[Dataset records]
::::
lemma integral_traj_x_pow:
  assumes "0 \<le> t"
  shows "integral {0..t} (\<lambda>s. traj_x \<alpha> \<beta> (x0, y0, z0) (0, v0, w0) s ^ (2 * \<alpha>)) = Ix t"
proof -
  have "integral {0..t} (\<lambda>s. traj_x \<alpha> \<beta> (x0, y0, z0) (0, v0, w0) s ^ (2 * \<alpha>))
      = integral {0..t} (\<lambda>s. xs s ^ (2 * \<alpha>))"
    by (rule integral_cong) (simp add: traj_x_eq_xs)
  also have "\<dots> = Ix t - Ix 0"
    using Ix_has_derivative assms
    by (intro integral_unique fundamental_theorem_of_calculus)
      (auto simp flip: has_real_derivative_iff_has_vector_derivative intro: has_field_derivative_at_within)
  finally show ?thesis by (simp add: Ix_0)
qed

definition "T1 = A.P * \<bar>x0\<bar>"

lemma T1_pos: "0 < T1"
  using A.pi_gen_pos x0_nonzero by (simp add: T1_def)

lemma omega1_eq: "omega1 \<alpha> \<beta> (x0, y0, z0) (0, v0, w0) = \<omega>"
proof -
  have "\<omega> powr (real (2 * \<alpha>)) = \<omega> ^ (2 * \<alpha>)" using \<omega>_pos by (rule powr_realpow)
  also have "\<dots> = c" by (simp add: \<omega>_def c_eq power_divide power_even_abs)
  finally have "omega1 \<alpha> \<beta> (x0, y0, z0) (0, v0, w0) = (\<omega> powr (real (2 * \<alpha>))) powr (1 / (2 * real \<alpha>))"
    by (simp add: omega1_def c_def)
  also have "\<dots> = \<omega>" using A.n_ge_1 \<omega>_pos by (simp add: powr_powr)
  finally show ?thesis .
qed

lemma tau1_eq: "tau1 \<alpha> \<beta> (x0, y0, z0) (0, v0, w0) = ereal T1"
  using \<omega>_pos by (simp add: tau1_def omega1_eq T1_def \<omega>_def)

lemma Ix_strict_mono: "strict_mono Ix"
proof (rule strict_monoI, rule ccontr)
  fix t1 t2 :: real assume lt: "t1 < t2" and "\<not> Ix t1 < Ix t2"
  have "\<exists>y. (Ix has_real_derivative y) (at x) \<and> 0 \<le> y" for x
    using Ix_has_derivative by (intro exI[of _ "xs x ^ (2 * \<alpha>)"]) (simp add: zero_le_even_power)
  then have mono: "Ix s1 \<le> Ix s2" if "s1 \<le> s2" for s1 s2
    using DERIV_nonneg_imp_nondecreasing[OF that] by blast
  have const: "Ix s = Ix t1" if "t1 < s" "s < t2" for s
    using mono[of t1 s] mono[of s t2] mono[of t1 t2] that lt \<open>\<not> Ix t1 < Ix t2\<close> by simp
  have zero: "A.S (phase s) = 0" if "t1 < s" "s < t2" for s
  proof -
    have "(Ix has_real_derivative 0) (at s)"
      by (rule has_field_derivative_transform_within_open[where f="\<lambda>_. Ix t1" and S="{t1<..<t2}"])
        (use that const in auto)
    then have "xs s ^ (2 * \<alpha>) = 0" using DERIV_unique Ix_has_derivative by blast
    then show ?thesis using x0_nonzero by (simp add: xs_def)
  qed
  define m where "m = (t1 + t2) / 2"
  have m: "t1 < m" "m < t2" using lt by (auto simp: m_def)
  have "((\<lambda>_. 0) has_real_derivative 0) (at m)" by simp
  then have "((\<lambda>s. A.S (phase s)) has_real_derivative 0) (at m)"
    by (rule has_field_derivative_transform_within_open[where S="{t1<..<t2}"]) (use m zero in auto)
  then have "A.C (phase m) = 0"
    using DERIV_unique[OF sin_phase_has_derivative] \<omega>_pos by fastforce
  then show False
    using A.cos_gen_sq_add_sin_gen_pow[of "phase m"] zero[OF m] A.n_ge_1 by (simp add: power_0_left)
qed

lemma Ix_T1: "Ix T1 = x0 ^ (2 * \<alpha>) * T1 / (real \<alpha> + 1)"
proof -
  have "phase T1 = 3 * A.P / 2" using x0_nonzero by (simp add: phase_def T1_def \<omega>_def field_simps)
  then have "A.C (phase T1) = 0" using A.cos_gen_3_half_pi by (simp only:)
  then show ?thesis by (simp add: Ix_def)
qed

lemma tau2_eq:
  assumes "w0 \<noteq> 0"
  shows "tau2 \<alpha> \<beta> (x0, y0, z0) (0, v0, w0)
    = Inf {ereal t | t. 0 < t \<and> omega2 \<alpha> \<beta> (x0, y0, z0) (0, v0, w0) * Ix t = B.P}"
proof -
  have "(0 < t \<and> omega2 \<alpha> \<beta> (x0, y0, z0) (0, v0, w0)
           * integral {0..t} (\<lambda>s. traj_x \<alpha> \<beta> (x0, y0, z0) (0, v0, w0) s ^ (2 * \<alpha>)) = B.P)
      \<longleftrightarrow> (0 < t \<and> omega2 \<alpha> \<beta> (x0, y0, z0) (0, v0, w0) * Ix t = B.P)" for t
    using integral_traj_x_pow[of t] by auto
  then have "{ereal t | t. 0 < t \<and> omega2 \<alpha> \<beta> (x0, y0, z0) (0, v0, w0)
           * integral {0..t} (\<lambda>s. traj_x \<alpha> \<beta> (x0, y0, z0) (0, v0, w0) s ^ (2 * \<alpha>)) = B.P}
      = {ereal t | t. 0 < t \<and> omega2 \<alpha> \<beta> (x0, y0, z0) (0, v0, w0) * Ix t = B.P}"
    by blast
  then show ?thesis using assms by (simp add: tau2_def)
qed

lemma tau_order:
  defines "K \<equiv> omega2 \<alpha> \<beta> (x0, y0, z0) (0, v0, w0) * Ix T1"
  shows "(tau1 \<alpha> \<beta> (x0, y0, z0) (0, v0, w0) \<le> tau2 \<alpha> \<beta> (x0, y0, z0) (0, v0, w0)
            \<longleftrightarrow> w0 = 0 \<or> K \<le> B.P)
       \<and> (tau2 \<alpha> \<beta> (x0, y0, z0) (0, v0, w0) \<le> tau1 \<alpha> \<beta> (x0, y0, z0) (0, v0, w0)
            \<longleftrightarrow> w0 \<noteq> 0 \<and> B.P \<le> K)"
proof (cases "w0 = 0")
  case False
  have "0 < omega2 \<alpha> \<beta> (x0, y0, z0) (0, v0, w0)"
    using False c_pos by (simp add: omega2_def c_def[symmetric])
  then have "strict_mono (\<lambda>t. omega2 \<alpha> \<beta> (x0, y0, z0) (0, v0, w0) * Ix t)"
    using Ix_strict_mono by (simp add: strict_mono_def)
  from Inf_level_set_compare[OF this _ _ less_imp_le[OF T1_pos], of "B.P"]
  show ?thesis
    using False B.pi_gen_pos continuous_on_Ix
    by (simp add: tau1_eq tau2_eq Ix_0 K_def continuous_on_mult_left)
qed (use tau1_eq in \<open>simp add: tau2_def\<close>)

lemma omega2_eq:
  "omega2 \<alpha> \<beta> (x0, y0, z0) (0, v0, w0) = \<bar>w0\<bar> powr (1 / real \<beta>) * \<bar>x0\<bar> powr (real \<alpha> / real \<beta> - real \<alpha>)"
proof -
  have a: "0 < \<bar>x0\<bar>" using x0_nonzero by simp
  have "c = \<bar>x0\<bar> powr (- real (2 * \<alpha>))"
    using powr_realpow[OF a, of "2 * \<alpha>"] by (simp add: c_eq power_even_abs powr_minus_divide)
  then have "c powr ((real \<beta> - 1) / (2 * real \<beta>))
      = \<bar>x0\<bar> powr (- real (2 * \<alpha>) * ((real \<beta> - 1) / (2 * real \<beta>)))"
    by (simp add: powr_powr)
  also have "- real (2 * \<alpha>) * ((real \<beta> - 1) / (2 * real \<beta>)) = real \<alpha> / real \<beta> - real \<alpha>"
    using B.n_ge_1 by (simp add: field_simps)
  finally show ?thesis by (simp add: omega2_def c_def[symmetric])
qed

lemma omega2_Ix_T1:
  "omega2 \<alpha> \<beta> (x0, y0, z0) (0, v0, w0) * Ix T1
    = (\<bar>w0\<bar> * \<bar>y0\<bar> ^ \<beta> * \<bar>x0\<bar> ^ \<alpha>) powr (1 / real \<beta>)
      * (A.P * \<bar>x0\<bar> ^ (\<alpha> + 1) / ((real \<alpha> + 1) * \<bar>y0\<bar>))"
proof -
  define a where "a = \<bar>x0\<bar>"
  have a: "0 < a" using x0_nonzero by (simp add: a_def)
  have pow: "a ^ k = a powr real k" for k using powr_realpow[OF a] by simp
  have x2: "x0 ^ (2 * \<alpha>) = a powr (real (2 * \<alpha>))"
    using pow[of "2 * \<alpha>"] by (simp add: a_def power_even_abs)
  have "Ix T1 = a powr (real (2 * \<alpha>)) * (A.P * a) / (real \<alpha> + 1)"
    by (simp only: Ix_T1 x2, simp add: T1_def a_def)
  also have "\<dots> = a powr (real (2 * \<alpha>) + 1) * A.P / (real \<alpha> + 1)"
    using a by (simp add: powr_add mult_ac)
  finally have Ix_T1': "Ix T1 = a powr (real (2 * \<alpha>) + 1) * A.P / (real \<alpha> + 1)" .
  have "omega2 \<alpha> \<beta> (x0, y0, z0) (0, v0, w0) * Ix T1
      = \<bar>w0\<bar> powr (1 / real \<beta>) * (a powr (real \<alpha> / real \<beta> - real \<alpha>) * a powr (real (2 * \<alpha>) + 1))
        * A.P / (real \<alpha> + 1)"
    by (simp add: omega2_eq Ix_T1' a_def[symmetric] mult_ac)
  also have "\<dots> = \<bar>w0\<bar> powr (1 / real \<beta>) * (a powr (real \<alpha> / real \<beta>) * a powr (real \<alpha> + 1))
        * A.P / (real \<alpha> + 1)"
    by (simp flip: powr_add add: algebra_simps)
  also have "\<dots> = (\<bar>w0\<bar> powr (1 / real \<beta>) * \<bar>y0\<bar> * a powr (real \<alpha> / real \<beta>))
        * (A.P * a powr (real \<alpha> + 1) / ((real \<alpha> + 1) * \<bar>y0\<bar>))"
  proof -
    have "W * (E1 * E2) * Q / d = (W * Y * E1) * (Q * E2 / (d * Y))" if "Y \<noteq> 0" "d \<noteq> 0"
      for W Y E1 E2 Q d :: real
      using that by (simp add: field_simps)
    then show ?thesis using y0_nonzero by simp
  qed
  also have "\<bar>w0\<bar> powr (1 / real \<beta>) * \<bar>y0\<bar> * a powr (real \<alpha> / real \<beta>)
      = (\<bar>w0\<bar> * \<bar>y0\<bar> ^ \<beta> * a ^ \<alpha>) powr (1 / real \<beta>)"
    using a y0_nonzero B.n_ge_1 by (simp add: powr_mult powr_powr flip: powr_realpow)
  also have "a powr (real \<alpha> + 1) = a ^ (\<alpha> + 1)" using pow[of "\<alpha> + 1"] by (simp add: add.commute)
  finally show ?thesis by (simp only: a_def)
qed

lemma vertical_weight_le_1: "\<bar>w0\<bar> * \<bar>y0\<bar> ^ \<beta> * \<bar>x0\<bar> ^ \<alpha> \<le> 1"
proof -
  have "(\<bar>w0\<bar> * \<bar>y0\<bar> ^ \<beta> * \<bar>x0\<bar> ^ \<alpha>)\<^sup>2 = x0 ^ (2 * \<alpha>) * (y0 ^ (2 * \<beta>) * w0\<^sup>2)"
    by (simp add: power_mult_distrib power_even_abs power_mult[symmetric] mult_ac)
  also have "\<dots> \<le> x0 ^ (2 * \<alpha>) * (v0\<^sup>2 + y0 ^ (2 * \<beta>) * w0\<^sup>2)"
    using x0_pow_pos by (intro mult_left_mono) auto
  finally show ?thesis using unit_level by (simp add: power_le_one_iff abs_square_le_1)
qed

end

section \<open>Comparison of the conjugate-time candidates on the circle u0 = 0\<close>

definition critical_ratio :: "nat \<Rightarrow> real \<Rightarrow> real \<Rightarrow> real" where
  "critical_ratio \<alpha> x0 y0 = pi_gen (real \<alpha>) * \<bar>x0\<bar> ^ (\<alpha> + 1) / ((real \<alpha> + 1) * \<bar>y0\<bar>)"

lemma critical_ratio_pos: "1 \<le> \<alpha> \<Longrightarrow> x0 \<noteq> 0 \<Longrightarrow> y0 \<noteq> 0 \<Longrightarrow> 0 < critical_ratio \<alpha> x0 y0"
  using gen_trig.pi_gen_pos[of \<alpha>] by (simp add: critical_ratio_def gen_trig_def)

lemma critical_ratio_le_iff:
  assumes "1 \<le> \<alpha>" "1 \<le> \<beta>" "y0 \<noteq> 0"
  shows "critical_ratio \<alpha> x0 y0 \<le> pi_gen (real \<beta>)
    \<longleftrightarrow> pi_gen (real \<alpha>) * \<bar>x0\<bar> ^ (\<alpha> + 1) / (pi_gen (real \<beta>) * (real \<alpha> + 1)) \<le> \<bar>y0\<bar>"
  using gen_trig.pi_gen_pos[of \<beta>] assms
  by (simp add: critical_ratio_def gen_trig_def divide_le_eq pos_divide_le_eq mult_ac)

lemma tau_order_vertical:
  assumes "1 \<le> \<alpha>" "1 \<le> \<beta>" "x0 \<noteq> 0" "y0 \<noteq> 0" "Ham \<alpha> \<beta> (x0, y0, z0) (0, v0, w0) = 1/2"
  defines "\<rho> \<equiv> \<bar>w0\<bar> * \<bar>y0\<bar> ^ \<beta> * \<bar>x0\<bar> ^ \<alpha>"
  shows "(tau1 \<alpha> \<beta> (x0, y0, z0) (0, v0, w0) \<le> tau2 \<alpha> \<beta> (x0, y0, z0) (0, v0, w0) \<longleftrightarrow>
            w0 = 0 \<or> \<rho> powr (1 / real \<beta>) * critical_ratio \<alpha> x0 y0 \<le> pi_gen (real \<beta>))
       \<and> (tau2 \<alpha> \<beta> (x0, y0, z0) (0, v0, w0) \<le> tau1 \<alpha> \<beta> (x0, y0, z0) (0, v0, w0) \<longleftrightarrow>
            w0 \<noteq> 0 \<and> pi_gen (real \<beta>) \<le> \<rho> powr (1 / real \<beta>) * critical_ratio \<alpha> x0 y0)
       \<and> \<rho> \<le> 1"
proof -
  interpret vertical_covector \<alpha> \<beta> x0 y0 z0 v0 w0
    using assms by unfold_locales (auto simp: Ham_def algebra_simps)
  show ?thesis
    using tau_order vertical_weight_le_1 omega2_Ix_T1 by (simp add: \<rho>_def critical_ratio_def)
qed

lemma abs_rho: "1 \<le> k \<Longrightarrow> \<bar>rho (real k) s\<bar> = \<bar>s\<bar> ^ k"
proof (cases "s = 0")
  case False
  assume k: "1 \<le> k"
  have "\<bar>s\<bar> powr (real k - 1) = \<bar>s\<bar> ^ (k - 1)"
    using powr_realpow[of "\<bar>s\<bar>" "k - 1"] False k by (simp add: of_nat_diff)
  then have "\<bar>rho (real k) s\<bar> = \<bar>s\<bar> ^ (k - 1) * \<bar>s\<bar>" by (simp add: rho_def abs_mult)
  also have "\<dots> = \<bar>s\<bar> ^ k" using k by (simp flip: power_Suc2)
  finally show ?thesis .
qed (simp add: rho_def)

lemma rho_sq: "1 \<le> k \<Longrightarrow> (rho (real k) s)\<^sup>2 = s ^ (2 * k)"
proof -
  assume k: "1 \<le> k"
  have "(rho (real k) s)\<^sup>2 = (\<bar>s\<bar> ^ k)\<^sup>2" by (simp flip: abs_rho[OF k])
  also have "\<dots> = s ^ (2 * k)" by (simp add: power_mult[symmetric] power_even_abs mult.commute)
  finally show ?thesis .
qed

lemma rho_eq_0_iff: "1 \<le> k \<Longrightarrow> rho (real k) s = 0 \<longleftrightarrow> s = 0"
  using abs_rho[of k s] by (auto simp: power_0_left)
::::
Work instructions ▸ The lines from the first of the entries through the line holding "by (intro integral_unique" are to be restated word for word, and no others.

Your response ▸
lemma integral_traj_x_pow:
  assumes "0 \<le> t"
  shows "integral {0..t} (\<lambda>s. traj_x \<alpha> \<beta> (x0, y0, z0) (0, v0, w0) s ^ (2 * \<alpha>)) = Ix t"
proof -
  have "integral {0..t} (\<lambda>s. traj_x \<alpha> \<beta> (x0, y0, z0) (0, v0, w0) s ^ (2 * \<alpha>))
      = integral {0..t} (\<lambda>s. xs s ^ (2 * \<alpha>))"
    by (rule integral_cong) (simp add: traj_x_eq_xs)
  also have "\<dots> = Ix t - Ix 0"
    using Ix_has_derivative assms
    by (intro integral_unique fundamental_theorem_of_calculus)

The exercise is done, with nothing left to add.